As a high school math teacher, I find it really important to help students link the new concepts they are learning to the knowledge they already have. This helps students get a fuller picture of math and that math isn’t just a bunch of formulas they need to remember.
One example of this is the cosine law and the pythagorean theorem.
Imagine a triangle with sides A,B, and C, with angles \alpha, \beta, and \gamma.
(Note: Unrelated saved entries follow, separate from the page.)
lemma sum_play_weight_join:
  assumes "joins s \<noteq> {}"
  shows "(\<Sum>t\<in>joins s. play_weight (join s t)) = play_weight s"
proof -
  define M where "M = moves_left s - 1"
  have M: "moves_left (join s t) = M" if "t \<in> joins s" for t
    using that moves_left_join[of _ _ _ s] unfolding M_def by (cases t) fastforce
  have "moves_left s = Suc M"
    using assms moves_left_join[of _ _ _ s] unfolding M_def by fastforce
  have "(\<Sum>t\<in>joins s. play_weight (join s t))
      = (\<Sum>i<length s. \<Sum>p<length (s!i). \<Sum>q\<in>{p<..<length (s!i)}. play_weight (join s (i, p, q)))"
    unfolding joins_def by (simp add: sum.Sigma split_def del: join.simps)
  also have "\<dots> = (\<Sum>i<length s. fact M * region_weight s * real (length (s!i) - 1))"
  proof (rule sum.cong[OF refl])
    fix i assume "i \<in> {..<length s}"
    then have i: "i < length s"
      by simp
    have "(\<Sum>p<length (s!i). \<Sum>q\<in>{p<..<length (s!i)}. play_weight (join s (i, p, q)))
        = fact M * region_weight (take i s) * region_weight (drop (Suc i) s) *
          (\<Sum>p<length (s!i). \<Sum>q\<in>{p<..<length (s!i)}.
             cayley_weight (q - p) * cayley_weight (length (s!i) - (q - p)))"
      unfolding sum_distrib_left using i
      by (intro sum.cong refl) (simp add: play_weight_def M region_weight_join mem_joins del: join.simps)
    also have "\<dots> = fact M * region_weight s * real (length (s!i) - 1)"
      unfolding cayley_weight_split_sum region_weight_nth[OF i] by (simp only: ac_simps)
    finally show "(\<Sum>p<length (s!i). \<Sum>q\<in>{p<..<length (s!i)}. play_weight (join s (i, p, q)))
        = fact M * region_weight s * real (length (s!i) - 1)" .
  qed
  also have "\<dots> = fact M * region_weight s * real (moves_left s)"
    by (simp add: moves_left_nth sum_distrib_left)
  also have "\<dots> = play_weight s"
    using \<open>moves_left s = Suc M\<close> by (simp add: play_weight_def)
  finally show ?thesis .
qed

lemma play_weight_final:
  assumes "joins s = {}"
  shows "play_weight s = 1"
proof -
  have "\<forall>r\<in>set s. length r \<le> 1"
  proof (rule ccontr)
    assume "\<not> (\<forall>r\<in>set s. length r \<le> 1)"
    then obtain i where "i < length s" "1 < length (s!i)"
      by (auto simp: in_set_conv_nth)
    then have "(i, 0, 1) \<in> joins s"
      by (simp add: mem_joins)
    with assms show False
      by simp
  qed
  moreover have "cayley_weight k = 1" if "k \<le> 1" for k
    using that by (cases k) (auto simp: cayley_weight_def)
  ultimately have "moves_left s = 0 \<and> region_weight s = 1"
    unfolding moves_left_def region_weight_def by (induction s) auto
  then show ?thesis
    by (simp add: play_weight_def)
qed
It may look like the one pictured below.
The cosine law states the following: c^2 = a^2 + b^2 -2abcos\gamma
The cosine law looks very similar to another formula that the students most likely have seen before which is the Pythagorean Theorem.
Imagine a right triangle with sides A,B, and C like the triangle pictured below.
The pythagorean theorem states the following: c^2 = a^2 + b^2
The only difference between the cosine law and the pythagorean theorem is that the cosine law has an additional -2ab\gamma.
Why doesn’t the pythaorean theorem have the -2ab\gamma? Well that’s because in the right triangle, \gamma=90^o and cos 90^o=0. So -2abcos\gamma = 0 for a right triangle.
In other words, the Pythagorean Theorem is a special case of the cosine law where the triangle is a right triangle.
By showing how the cosine law and pythagorean theorem relate to each other, students understand that it is in fact, one concept and that a lot of ideas in math are relatedd to one another.
Unfortunately, math is commonly taught as a series of formulas and rules. But teaching math is so much more than that. It’s about coming to an understanding of why these formulas must be and what are the implications of these formulas. The more one learns about math, the more interesting math becomes.